[Dataset entries]
(* Let $\mathcal H_S,\mathcal H_E$ be finite-dimensional complex Hilbert spaces, $\Psi\in\mathcal H_S\otimes\mathcal H_E$ a unit vector, and $\{\phi_j\}_{j\in\mathcal I}$ a finite family of unit vectors in $\mathcal H_S$ such that $\Psi\in\mathrm{span}\{\phi_j\}\otimes\mathcal H_E$ (equivalently, $\rho_S=\mathrm{Tr}_E|\Psi\rangle\langle\Psi|$ is described by the $\phi_j$). Suppose $\Pr(\phi_j)>0$ for all $j$ and that the $\{\phi_j\}$ are indistinguishable relative to $E$. Then $\Psi=\Psi_S\otimes\Lambda$ for unit vectors $\Psi_S\in\mathrm{span}\{\phi_j\}$, $\Lambda\in\mathcal H_E$; in particular $\rho_S=|\Psi_S\rangle\langle\Psi_S|$ is pure, with $\Psi_S=\sum_{s\in\mathcal I}\psi_s\phi_s$ for some coefficients $\psi_s$.
   Context: For the pure joint state $\Psi$ and unit vectors $\phi\in\mathcal H_S$, $\eta\in\mathcal H_E$: $\Pr(\phi)=\langle\phi|\rho_S|\phi\rangle$ with $\rho_S=\mathrm{Tr}_E|\Psi\rangle\langle\Psi|$, $\Pr(\phi\wedge\eta)=|\langle\phi\otimes\eta|\Psi\rangle|^2$, and $\Pr(\eta\mid\phi)=\Pr(\phi\wedge\eta)/\Pr(\phi)$. The state of $S$ is "described by" $\{\phi_j\}$ iff $\rho_S=\sum_{t,t'}w_{tt'}|\phi_t\rangle\langle\phi_{t'}|$ for some coefficients $w_{tt'}$. Values $\{\phi_j\}$ are indistinguishable relative to $E$ iff $\Pr(\eta\mid\phi_j)$ is independent of $j$ for every unit vector $\eta\in\mathcal H_E$. *)

theory Defs
  imports Complex_Main
begin

text \<open>Finite-dimensional Hilbert spaces H_S, H_E are modelled as coordinate spaces
  'a \<Rightarrow> complex and 'b \<Rightarrow> complex over finite index types; the tensor product
  H_S \<otimes> H_E is ('a \<times> 'b) \<Rightarrow> complex.\<close>

definition cinner :: "('a::finite \<Rightarrow> complex) \<Rightarrow> ('a \<Rightarrow> complex) \<Rightarrow> complex" where
  "cinner x y = (\<Sum>i\<in>UNIV. cnj (x i) * y i)"

definition unit_vec :: "('a::finite \<Rightarrow> complex) \<Rightarrow> bool" where
  "unit_vec x \<longleftrightarrow> cinner x x = 1"

definition tensor :: "('a \<Rightarrow> complex) \<Rightarrow> ('b \<Rightarrow> complex) \<Rightarrow> ('a \<times> 'b \<Rightarrow> complex)" where
  "tensor \<phi> \<eta> = (\<lambda>(i, k). \<phi> i * \<eta> k)"

definition ketbra :: "('a \<Rightarrow> complex) \<Rightarrow> ('a \<Rightarrow> complex) \<Rightarrow> 'a \<Rightarrow> 'a \<Rightarrow> complex" where
  "ketbra x y = (\<lambda>i i'. x i * cnj (y i'))"

definition rho_S :: "('a \<times> 'b::finite \<Rightarrow> complex) \<Rightarrow> 'a \<Rightarrow> 'a \<Rightarrow> complex" where
  "rho_S \<Psi> = (\<lambda>i i'. \<Sum>k\<in>UNIV. \<Psi> (i, k) * cnj (\<Psi> (i', k)))"

definition Pr :: "('a::finite \<times> 'b::finite \<Rightarrow> complex) \<Rightarrow> ('a \<Rightarrow> complex) \<Rightarrow> real" where
  "Pr \<Psi> \<phi> = Re (\<Sum>i\<in>UNIV. \<Sum>i'\<in>UNIV. cnj (\<phi> i) * rho_S \<Psi> i i' * \<phi> i')"

definition Pr_joint :: "('a::finite \<times> 'b::finite \<Rightarrow> complex) \<Rightarrow> ('a \<Rightarrow> complex) \<Rightarrow> ('b \<Rightarrow> complex) \<Rightarrow> real" where
  "Pr_joint \<Psi> \<phi> \<eta> = (cmod (cinner (tensor \<phi> \<eta>) \<Psi>))\<^sup>2"

definition Pr_cond :: "('a::finite \<times> 'b::finite \<Rightarrow> complex) \<Rightarrow> ('b \<Rightarrow> complex) \<Rightarrow> ('a \<Rightarrow> complex) \<Rightarrow> real" where
  "Pr_cond \<Psi> \<eta> \<phi> = Pr_joint \<Psi> \<phi> \<eta> / Pr \<Psi> \<phi>"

→ **EXERCISE**
Please show every line of the entries above that contains the word "cinner".

→ **PROBLEM SOLUTION**
definition cinner :: "('a::finite \<Rightarrow> complex) \<Rightarrow> ('a \<Rightarrow> complex) \<Rightarrow> complex" where
  "cinner x y = (\<Sum>i\<in>UNIV. cnj (x i) * y i)"
  "unit_vec x \<longleftrightarrow> cinner x x = 1"
  "Pr_joint \<Psi> \<phi> \<eta> = (cmod (cinner (tensor \<phi> \<eta>) \<Psi>))\<^sup>2"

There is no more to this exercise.